Parents wondered how they could juggle their jobs with being a full-time educator for their children. They were also concerned about their kids’ lack of social interaction with their friends at school. They wondered what effects learning at home would have on their kid’s social development. Teachers were especially worried about how they could carry out their role as educators and also supervise their children’s online learning. It was a big adjustment for children, parents, and teachers alike.

Many parents ended their day in tears, as one mother wrote back in April in The Atlantic, in an article called Distance Learning Isn’t Working. The author quotes one mother whose frustration led her to plead in a video to teachers which went viral: “If we don’t die of corona, we’ll die of distance learning…”

In my practice, online learning brought up its share of children’s behavior issues. One 8-year-old boy named Justin began acting out at the beginning of online school and refused to complete his assignments. Finally, his mother asked me for an online session to discover why Justin was so upset.

As it turned out, Justin said he felt criticized by his mother when she was helping him with his lessons. “She expects more from me than my teacher does.” I started hearing similar complaints from children whose parents felt their kids would fall behind in school.

In April, parents were resigned to schools being closed for traditional education for a few months. As June approaches, however, many schools are having meetings with parents to discuss the next academic year.

Public schools in the Los Angeles suburb where I live are talking about kids attending school every other day, with classrooms limited to eight children in a socially distanced setting. One private school has already told parents that online learning would continue for the next academic year. One mother I know has already enrolled her son in that school instead of their local public school. “It’s a sacrifice,” she told me, “but the private school has lowered its tuition fee to a fraction of what it usually costs. And we will have peace of mind.”

Not all parents have the choice to move their child to a different school. But they can participate in the meetings that are going on, voicing their opinion as to whether they would prefer online learning or modified traditional classrooms. Parents are now having to weigh their fear of the threat of infection with the challenges of educating their child at home.

The idea that they would have to continue online learning for another year has dismayed some parents. Surprisingly, however, other parents are relieved. “I don’t want my daughter to bring home the coronavirus and infect our entire family,” one mother of a seventh-grader told me. “I worry about her social development but I worry more about her infecting our family, including my 80-year-old mother who lives with us.”

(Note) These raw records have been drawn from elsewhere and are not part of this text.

lemma sesq_adjoint_mult:
  assumes Y: "Y \<in> carrier_mat n n" and Z: "Z \<in> carrier_mat n n"
    and u: "u \<in> carrier_vec n" and v: "v \<in> carrier_vec n"
  shows "sesq n (mat_adjoint Y * Z) u v = (\<Sum>l<n. cnj ((Y *\<^sub>v u) $ l) * (Z *\<^sub>v v) $ l)"
proof -
  define F where "F i j l = cnj (u $ i) * cnj (Y $$ (l, i)) * Z $$ (l, j) * v $ j" for i j l
  have "sesq n (mat_adjoint Y * Z) u v = (\<Sum>i<n. \<Sum>j<n. \<Sum>l<n. F i j l)"
    unfolding sesq_def
  proof (rule sum2_cong)
    fix i j assume i: "i < n" and j: "j < n"
    have "(mat_adjoint Y * Z) $$ (i, j) = (\<Sum>l<n. mat_adjoint Y $$ (i, l) * Z $$ (l, j))"
      by (rule mult_mat_index) (use Y Z i j in simp_all)
    also have "\<dots> = (\<Sum>l<n. cnj (Y $$ (l, i)) * Z $$ (l, j))"
      by (rule sum.cong) (use Y i in simp_all)
    finally have "(mat_adjoint Y * Z) $$ (i, j) = (\<Sum>l<n. cnj (Y $$ (l, i)) * Z $$ (l, j))" .
    then show "cnj (u $ i) * (mat_adjoint Y * Z) $$ (i, j) * v $ j = (\<Sum>l<n. F i j l)"
      unfolding F_def by (simp add: sum_distrib_left sum_distrib_right mult.assoc)
  qed
  also have "\<dots> = (\<Sum>i<n. \<Sum>l<n. \<Sum>j<n. F i j l)"
    by (rule sum.cong[OF refl], rule sum.swap)
  also have "\<dots> = (\<Sum>l<n. \<Sum>i<n. \<Sum>j<n. F i j l)"
    by (rule sum.swap)
  also have "\<dots> = (\<Sum>l<n. cnj ((Y *\<^sub>v u) $ l) * (Z *\<^sub>v v) $ l)"
  proof (rule sum.cong[OF refl])
    fix l assume "l \<in> {..<n}"
    then have "cnj ((Y *\<^sub>v u) $ l) * (Z *\<^sub>v v) $ l =
        (\<Sum>i<n. cnj (Y $$ (l, i) * u $ i)) * (\<Sum>j<n. Z $$ (l, j) * v $ j)"
      using Y Z u v by (simp add: mult_mat_vec_index cnj_sum del: index_mult_mat_vec)
    also have "\<dots> = (\<Sum>i<n. \<Sum>j<n. F i j l)"
      unfolding F_def sum_product by (simp add: mult.commute mult.left_commute)
    finally show "(\<Sum>i<n. \<Sum>j<n. F i j l) = cnj ((Y *\<^sub>v u) $ l) * (Z *\<^sub>v v) $ l" by simp
  qed
  finally show ?thesis .
qed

Some parents are actually changing their child’s school to one that has said it would continue online learning for the 2020-2021 school year. They feel it’s a safer choice, given that many epidemiologists have predicted that the coronavirus will become even more deadly in the fall of 2020 and winter of 2021. Parents who have read John M. Barry’s chronicle of the flu pandemic of 1918-1919, The Great Influenza, are concerned that the coronavirus will follow the same pattern of the flu pandemic of 100 years ago, which killed more people in the fall and winter than in the spring of 2018 when it began.